卤代有机物（HOCs）广泛存在于地表和工程水体中。这类有机物质包括人工合成化学品以及氯化消毒和自然卤化过程中生成的副产物。相较于非卤代有机物，HOCs具有更强的持久性、生物累积性和毒性，其在水环境中的转化和归趋是环境科学研究的热点。光化学降解（包括直接光解和间接光解）是影响HOCs在水环境中归趋和持久性的重要非生物转化途径。本研究选取对氯间二苯酚（PCMX）和双酚S（BPS）及其卤代衍生物作为研究对象，系统开展实验室和自然阳光光解实验，综合光谱学表征、光解动力学探究、光产物鉴定和模型构建，旨在阐明卤素取代基如何影响它们的光物理性质和光化学活性。

研究表明，在废水氯化消毒过程中，PCMX与HOCl发生亲电取代反应，导致氯代副产物的生成（Cl-PCMX、2Cl-PCMX）。在环境水平溴离子（Br^-）的存在下，卤代产物以溴代衍生物为主（Br-PCMX、2Br-PCMX）。由于卤素取代基的红移和重原子效应，卤代衍生物呈现出更强的光吸收特性和光反应活性。在中性pH条件下，四种卤代PCMX的B吸收带相较于母体分别红移了10、30、11和33 nm。在UV₂₅₄辐照条件下，光量子产率遵循2Br-PCMX（0.52 mol E^-1）> Br-PCMX（0.14 mol E^-1）> 2Cl-PCMX（0.11 mol E^-1）> Cl-PCMX（0.09 mol E^-1）> PCMX（0.04 mol E^-1）的规律。特别地，二卤代产物比单卤代产物更具光反应性。PCMX及其卤代衍生物的光转化途径包括光羟基化（+ OH）、光还原脱卤化（- X）和光亲核取代。生态毒性评估表明，卤代衍生物比母体PCMX具有更高的持久性、生物累积性和毒性。本研究结果加深了我们对PCMX在氯化消毒过程中的转化以及其卤代衍生物在后续紫外消毒过程或阳光照射水体中光化学行为的理解。
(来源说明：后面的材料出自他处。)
(* Consider the setting in the context and let $\alpha>0$. (i) (Necessary condition) If the modified 4-player game is $\alpha$-strongly monotone, then for both $i\in\{1,2\}$ and at all points, $\epsilon_i\nabla^2\nu_i\succeq\alpha I$ and $\nabla_p^2D_i\succeq\alpha I$; that is, $\epsilon_i\nu_i$ is $\alpha$-strongly convex and $D_i(p_i,\pi_{-i})$ is $\alpha$-strongly convex in $p_i$ for each fixed $\pi_{-i}$. (ii) (Sufficient condition) If each $D_i$ is jointly convex in both arguments, and for both $i\in\{1,2\}$ and at all points $$\epsilon_i\nabla^2\nu_i(\pi_i)-\tfrac12\nabla_\pi^2D_{-i}(p_{-i},\pi_i)\succeq\alpha I,\qquad \tfrac12\nabla_p^2D_{-i}(p_{-i},\pi_i)\succeq\alpha I,$$ then the modified 4-player game is $\alpha$-strongly monotone.
   Context: Two players $i\in\{1,2\}$ have finite action sets $\mathcal{A}_1,\mathcal{A}_2$; $-i$ denotes the other player, $\Delta_n$ the probability simplex in $\mathbb{R}^n$. Payoff matrices $R_1\in\mathbb{R}^{|\mathcal{A}_1|\times|\mathcal{A}_2|}$, $R_2\in\mathbb{R}^{|\mathcal{A}_2|\times|\mathcal{A}_1|}$. For each $i$ fix $\epsilon_i>0$, a twice continuously differentiable strictly convex function $\nu_i$ on an open set containing $\Delta_{|\mathcal{A}_i|}$, and a twice continuously differentiable penalty function $D_i(p,\pi)$, $p,\pi\in\Delta_{|\mathcal{A}_{-i}|}$ (defined on an open set containing this product), convex in its first argument $p$. Notation: $\nabla^2\nu_i$ is the Hessian of $\nu_i$; $\nabla_p^2D_i$ and $\nabla_\pi^2D_i$ are the Hessians of $D_i$ with respect to its first and second argument respectively; $\succeq$ is the positive semidefinite order. The modified 4-player game has joint strategy $z=(\pi_1,\pi_2,p_1,p_2)\in\mathcal{Z}=\Delta_{|\mathcal{A}_1|}\times\Delta_{|\mathcal{A}_2|}\times\Delta_{|\mathcal{A}_2|}\times\Delta_{|\mathcal{A}_1|}$; player $\pi_i$ minimizes $J_i(z)=-\pi_i^TR_ip_i-D_i(p_i,\pi_{-i})+\epsilon_i\nu_i(\pi_i)$ over $\pi_i$ and adversary $p_i$ minimizes $\bar J_i(z)=\pi_i^TR_ip_i+D_i(p_i,\pi_{-i})-\epsilon_i\nu_i(\pi_i)$ over $p_i$. Its gradient operator is $F(z;\mathbf{R})=(-R_1p_1+\epsilon_1\nabla\nu_1(\pi_1),\,-R_2p_2+\epsilon_2\nabla\nu_2(\pi_2),\,R_1^T\pi_1+\nabla_{p_1}D_1(p_1,\pi_2),\,R_2^T\pi_2+\nabla_{p_2}D_2(p_2,\pi_1))$, and the game is $\alpha$-strongly monotone if $(z-z')^T(F(z;\mathbf{R})-F(z';\mathbf{R}))\ge\alpha\|z-z'\|_2^2$ for all $z,z'\in\mathcal{Z}$.
   Formalization: Each inequality $\succeq\alpha I$ in (i) and (ii) is tested only on vectors whose coordinates sum to zero (directions tangent to the simplex), not on the whole space. Apart from conventions, each condition added here is assumed in the paper as well or is needed for the statement above to hold. *)

theory Defs
  imports "HOL-Analysis.Analysis"
begin

definition prob_simplex :: "(real^('n::finite)) set" where
  "prob_simplex = {x. (\<forall>i. 0 \<le> x $ i) \<and> (\<Sum>i\<in>UNIV. x $ i) = 1}"

(* Strict convexity of f on S (S need not be convex: only segments lying in S count). *)
definition strictly_convex_on :: "'a::real_vector set \<Rightarrow> ('a \<Rightarrow> real) \<Rightarrow> bool" where
  "strictly_convex_on S f \<longleftrightarrow>
     (\<forall>x\<in>S. \<forall>y\<in>S. x \<noteq> y \<longrightarrow> (\<forall>u::real. 0 < u \<and> u < 1 \<longrightarrow>
        (1 - u) *\<^sub>R x + u *\<^sub>R y \<in> S \<longrightarrow>
        f ((1 - u) *\<^sub>R x + u *\<^sub>R y) < (1 - u) * f x + u * f y))"

definition C2_on :: "(real^('n::finite)) set \<Rightarrow> (real^'n \<Rightarrow> real) \<Rightarrow> (real^'n \<Rightarrow> real^'n)
    \<Rightarrow> (real^'n \<Rightarrow> real^'n^'n) \<Rightarrow> bool" where
  "C2_on U f g H \<longleftrightarrow> open U \<and>
     (\<forall>x\<in>U. (f has_derivative (\<lambda>h. g x \<bullet> h)) (at x) \<and>
             (g has_derivative (\<lambda>h. H x *v h)) (at x)) \<and>
     continuous_on U H"

(* D(p,\<pi>) is twice continuously differentiable on the open set U of pairs (p,\<pi>), with
   partial gradients gp (w.r.t. p), gq (w.r.t. \<pi>) and Hessian blocks
   Hpp = \<nabla>_p^2 D, Hpq, Hqp (mixed), Hqq = \<nabla>_\<pi>^2 D. *)
definition C2_on2 :: "((real^('n::finite)) \<times> (real^'n)) set \<Rightarrow> (real^'n \<Rightarrow> real^'n \<Rightarrow> real)
    \<Rightarrow> (real^'n \<Rightarrow> real^'n \<Rightarrow> real^'n) \<Rightarrow> (real^'n \<Rightarrow> real^'n \<Rightarrow> real^'n)
    \<Rightarrow> (real^'n \<Rightarrow> real^'n \<Rightarrow> real^'n^'n) \<Rightarrow> (real^'n \<Rightarrow> real^'n \<Rightarrow> real^'n^'n)
    \<Rightarrow> (real^'n \<Rightarrow> real^'n \<Rightarrow> real^'n^'n) \<Rightarrow> (real^'n \<Rightarrow> real^'n \<Rightarrow> real^'n^'n) \<Rightarrow> bool" where
  "C2_on2 U D gp gq Hpp Hpq Hqp Hqq \<longleftrightarrow> open U \<and>
     (\<forall>z\<in>U.
        ((\<lambda>w. D (fst w) (snd w)) has_derivative
            (\<lambda>h. gp (fst z) (snd z) \<bullet> fst h + gq (fst z) (snd z) \<bullet> snd h)) (at z) \<and>
        ((\<lambda>w. gp (fst w) (snd w)) has_derivative
            (\<lambda>h. Hpp (fst z) (snd z) *v fst h + Hpq (fst z) (snd z) *v snd h)) (at z) \<and>
        ((\<lambda>w. gq (fst w) (snd w)) has_derivative
            (\<lambda>h. Hqp (fst z) (snd z) *v fst h + Hqq (fst z) (snd z) *v snd h)) (at z)) \<and>
     continuous_on U (\<lambda>w. Hpp (fst w) (snd w)) \<and> continuous_on U (\<lambda>w. Hpq (fst w) (snd w)) \<and>
     continuous_on U (\<lambda>w. Hqp (fst w) (snd w)) \<and> continuous_on U (\<lambda>w. Hqq (fst w) (snd w))"

(* Loewner order H \<succeq> a I, tested on the directions tangent to the simplex
   (vectors with coordinate sum 0). *)
definition psd_ge :: "real^'n^('n::finite) \<Rightarrow> real \<Rightarrow> bool" where
  "psd_ge H a \<longleftrightarrow> (\<forall>v::real^'n. (\<Sum>i\<in>UNIV. v $ i) = 0 \<longrightarrow> a * (v \<bullet> v) \<le> v \<bullet> (H *v v))"

definition game_F ::
  "real^'n2^'n1 \<Rightarrow> real^'n1^'n2 \<Rightarrow> real \<Rightarrow> real \<Rightarrow>
   (real^('n1::finite) \<Rightarrow> real^'n1) \<Rightarrow> (real^('n2::finite) \<Rightarrow> real^'n2) \<Rightarrow>
   (real^'n2 \<Rightarrow> real^'n2 \<Rightarrow> real^'n2) \<Rightarrow> (real^'n1 \<Rightarrow> real^'n1 \<Rightarrow> real^'n1) \<Rightarrow>
   (real^'n1) \<times> (real^'n2) \<times> (real^'n2) \<times> (real^'n1) \<Rightarrow>
   (real^'n1) \<times> (real^'n2) \<times> (real^'n2) \<times> (real^'n1)" where
  "game_F R1 R2 e1 e2 gnu1 gnu2 gpD1 gpD2 z =
     (case z of (\<pi>1, \<pi>2, p1, p2) \<Rightarrow>
       (- (R1 *v p1) + e1 *\<^sub>R gnu1 \<pi>1,
        - (R2 *v p2) + e2 *\<^sub>R gnu2 \<pi>2,
        transpose R1 *v \<pi>1 + gpD1 p1 \<pi>2,
        transpose R2 *v \<pi>2 + gpD2 p2 \<pi>1))"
卤取代基也显著改变了BPS的物理化学和光化学性质。光谱滴定结果显示，四氯双酚S（TCBPS，4.16）和四溴双酚S（TBBPS，4.13）的pK_a值比BPS（7.85）小约3.7个单位，表明卤代衍生物在环境相关pH条件下主要以酚阴离子形式存在。卤素取代基还导致TCBPS和TBBPS的吸收光谱相对于BPS发生了显著的红移，从而增强了卤代衍生物对阳光光子的吸收。同时，TCBPS和TBBPS的量子产率远高于BPS，这归因于卤取代基的重原子效应有利于系内窜越（ISC）生成三重激发态进而发生光致脱卤化反应。GCSOLAR模型预测表明，在天气晴朗、仲秋正午阳光辐照下，BPS、TCBPS和TBBPS在南京地区（32°2′7.3′′N, 118°50′21′′E）地表水中的近表层半衰期分别为810.2、3.4和0.7 min。毒性预测结果表明，BPS衍生物物及其光产物可能对水生生物具有潜在生态风险。研究结果表明，在阳光照射的地表水体和紫外线辐射的废水介质中，直接光解是四卤代BPS重要的转化过程。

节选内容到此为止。